■ Material provided
(* If some entry had valuation < k, the entry of least valuation mu would, by the equation,
   have valuation >= min k (mu + 1). *)
lemma val_ge_feedback_solution:
  assumes M: "1 \<le> val_inf M"
    and e: "\<And>i. val_ge k (e i)"
    and z: "\<And>i. z i = e i - M * mat_act L z i"
  shows "val_ge k (z i)"
proof (rule ccontr)
  assume "\<not> val_ge k (z i)"
  then obtain i0 where i0: "\<not> val_ge k (z i0)"
    and least: "\<And>j. \<not> val_ge k (z j) \<Longrightarrow> val_inf (z i0) \<le> val_inf (z j)"
    using ex_min_if_finite[of "(\<lambda>j. val_inf (z j)) ` {j. \<not> val_ge k (z j)}"]
    by (fastforce simp: not_less)
  define \<mu> where "\<mu> = val_inf (z i0)"
  have "\<mu> < k" using i0 by (simp add: val_ge_def \<mu>_def)
  hence "val_ge \<mu> (z j)" for j
    using least[of j] by (cases "val_ge k (z j)") (auto simp: val_ge_def \<mu>_def)
  hence "val_ge (val_inf M + \<mu>) (M * mat_act L z i0)"
    by (intro val_ge_mult val_ge_self val_ge_mat_act)
  hence "val_ge (min k (\<mu> + 1)) (e i0 - M * mat_act L z i0)"
    using M by (intro val_ge_diff) (auto intro: val_ge_mono e)
  thus False using z[of i0] i0 \<open>\<mu> < k\<close> by (simp add: val_ge_def \<mu>_def)
qed

lemma feedback_matrix_mult_vec:
  "((mat 1 + (\<chi> i j. M * rconst (L $ i $ j))) *v x) $ i = x $ i + M * mat_act L (($) x) i"
proof -
  have "(\<Sum>j\<in>UNIV. (if i = j then 1 else 0) * x $ j) = x $ i"
    by (simp add: if_distrib[of "\<lambda>t. t * x $ j" for j] sum.delta cong: if_cong)
  thus ?thesis
    by (simp add: matrix_vector_mult_def mat_act_def mat_def distrib_right sum.distrib
        sum_distrib_left mult.assoc)
qed

lemma feedback_matrix_invertible:
  assumes "1 \<le> val_inf M"
  shows "invertible (mat 1 + (\<chi> i j. M * rconst (L $ i $ j)))"
proof -
  have "x = 0" if "(mat 1 + (\<chi> i j. M * rconst (L $ i $ j))) *v x = 0" for x
  proof -
    have eq: "x $ i = 0 - M * mat_act L (($) x) i" for i
      using that feedback_matrix_mult_vec[of M L x i] by (simp add: eq_neg_iff_add_eq_0)
    have "val_ge (val_inf (x $ i) + 1) (x $ i)" for i
      by (rule val_ge_feedback_solution[OF assms _ eq]) simp
    thus "x = 0" by (simp add: vec_eq_iff val_ge_def)
  qed
  thus ?thesis
    by (simp add: invertible_left_inverse matrix_left_invertible_ker)
qed
lemma vec_normalize_unit:
  assumes v: "v \<in> carrier_vec n" "v \<noteq> 0\<^sub>v n"
  shows "vec_normalize v \<bullet>c vec_normalize v = 1"
proof -
  define r where "r = Re (v \<bullet>c v)"
  have "v \<bullet>c v > 0" using v by simp
  then have r: "v \<bullet>c v = complex_of_real r" "0 < r"
    unfolding r_def by (auto simp: less_complex_def complex_eq_iff)
  have inv: "1 / sqrt r * (1 / sqrt r) = inverse r" using r(2) by (simp add: inverse_eq_divide)
  show ?thesis
    unfolding vec_normalize_cscalar_prod[OF v(1) v(1)] r_def[symmetric] inv r(1) using r(2) by simp
qed

lemma vec_normalize_of_unit: "v \<bullet>c v = 1 \<Longrightarrow> vec_normalize v = v"
  unfolding vec_normalize_def by simp

lemma unitary_of_orthonormal_cols:
  assumes ws: "set ws \<subseteq> carrier_vec n" "length ws = n"
    and orth: "\<And>i j. i < n \<Longrightarrow> j < n \<Longrightarrow> ws ! i \<bullet>c ws ! j = (if i = j then 1 else 0)"
  shows "unitary n (mat_of_cols n ws)"
proof -
  define W where "W = mat_of_cols n ws"
  have W: "W \<in> carrier_mat n n" unfolding W_def using mat_of_cols_carrier(1)[of n ws] ws by simp
  have wsi: "ws ! i \<in> carrier_vec n" if "i < n" for i using ws that by auto
  have colW: "col W i = ws ! i" if "i < n" for i
    unfolding W_def using col_mat_of_cols[of i ws n] ws wsi that by simp
  have "adj W * W = 1\<^sub>m n"
  proof (rule eq_matI)
    fix i j assume "i < dim_row (1\<^sub>m n)" and "j < dim_col (1\<^sub>m n)"
    then have i: "i < n" and j: "j < n" by auto
    have "(adj W * W) $$ (i, j) = conjugate (ws ! i) \<bullet> ws ! j"
      using adj_mult_index[OF W i j] colW i j by simp
    also have "\<dots> = ws ! j \<bullet>c ws ! i" using conjugate_vec_sprod_comm[OF wsi[OF j] wsi[OF i]] by simp
    finally show "(adj W * W) $$ (i, j) = 1\<^sub>m n $$ (i, j)" using orth[OF j i] i j by auto
  qed (use W in simp_all)
  then show ?thesis unfolding unitary_def W_def[symmetric] using W by simp
qed
lemma sum_spread:
  assumes "valid_instance n m u" and "0 < (\<Sum>j<n. c j)"
  shows "(\<Sum>g<m. spread n c u g) = 1"
proof -
  have "(\<Sum>g<m. \<Sum>j<n. real (c j) * u j g) = (\<Sum>j<n. real (c j) * (\<Sum>g<m. u j g))"
    by (simp add: sum.swap[of _ "{..<m}"] sum_distrib_left)
  also have "\<dots> = real (\<Sum>j<n. c j)"
    using assms(1) by (simp add: valid_instance_def)
  moreover have "0 < (\<Sum>j<n. real (c j))"
    using assms(2) by (metis of_nat_0_less_iff of_nat_sum)
  ultimately show ?thesis
    by (simp add: spread_def sum_divide_distrib[symmetric])
qed

lemma is_cardinal_keep_and_assign:
  fixes K :: "nat \<Rightarrow> nat set" and n m :: nat
  defines "E \<equiv> {..<m} - (\<Union>j<n. K j)"
  assumes K_sub: "\<And>j. j < n \<Longrightarrow> K j \<subseteq> {..<m}"
    and K_disj: "\<And>i j. i < n \<Longrightarrow> j < n \<Longrightarrow> i \<noteq> j \<Longrightarrow> K i \<inter> K j = {}"
    and h_lt: "\<And>e. e \<in> E \<Longrightarrow> h e < n"
    and card_le: "\<And>j. j < n \<Longrightarrow> card (K j) + card {e\<in>E. h e = j} \<le> k"
  shows "is_cardinal n m k (\<lambda>j. K j \<union> {e\<in>E. h e = j})"
  unfolding is_cardinal_def is_allocation_def
proof (intro conjI allI impI)
  fix i assume "i < n"
  then show "K i \<union> {e\<in>E. h e = i} \<subseteq> {..<m}"
    using K_sub by (auto simp: E_def)
  show "card (K i \<union> {e\<in>E. h e = i}) \<le> k"
    using card_Un_le card_le[OF \<open>i < n\<close>] le_trans by blast
  fix j assume "j < n" "i \<noteq> j"
  then show "(K i \<union> {e\<in>E. h e = i}) \<inter> (K j \<union> {e\<in>E. h e = j}) = {}"
    using K_disj[of i j] \<open>i < n\<close> by (auto simp: E_def)
next
  have "g \<in> (\<Union>j<n. K j \<union> {e\<in>E. h e = j})" if "g < m" for g
  proof (cases "g \<in> E")
    case True
    then show ?thesis
      using h_lt by auto
  next
    case False
    then show ?thesis
      using that by (auto simp: E_def)
  qed
  then show "(\<Union>j<n. K j \<union> {e\<in>E. h e = j}) = {..<m}"
    using K_sub by (auto simp: E_def)
qed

■ What to produce
Starting from the line containing "n \<Longrightarrow> card" and ending with the final line of the data, reproduce each line exactly as it appears, including no other lines.

■ Result for this exercise
    and card_le: "\<And>j. j < n \<Longrightarrow> card (K j) + card {e\<in>E. h e = j} \<le> k"
  shows "is_cardinal n m k (\<lambda>j. K j \<union> {e\<in>E. h e = j})"
  unfolding is_cardinal_def is_allocation_def
proof (intro conjI allI impI)
  fix i assume "i < n"
  then show "K i \<union> {e\<in>E. h e = i} \<subseteq> {..<m}"
    using K_sub by (auto simp: E_def)
  show "card (K i \<union> {e\<in>E. h e = i}) \<le> k"
    using card_Un_le card_le[OF \<open>i < n\<close>] le_trans by blast
  fix j assume "j < n" "i \<noteq> j"
  then show "(K i \<union> {e\<in>E. h e = i}) \<inter> (K j \<union> {e\<in>E. h e = j}) = {}"
    using K_disj[of i j] \<open>i < n\<close> by (auto simp: E_def)
next
  have "g \<in> (\<Union>j<n. K j \<union> {e\<in>E. h e = j})" if "g < m" for g
  proof (cases "g \<in> E")
    case True
    then show ?thesis
      using h_lt by auto
  next
    case False
    then show ?thesis
      using that by (auto simp: E_def)
  qed
  then show "(\<Union>j<n. K j \<union> {e\<in>E. h e = j}) = {..<m}"
    using K_sub by (auto simp: E_def)
qed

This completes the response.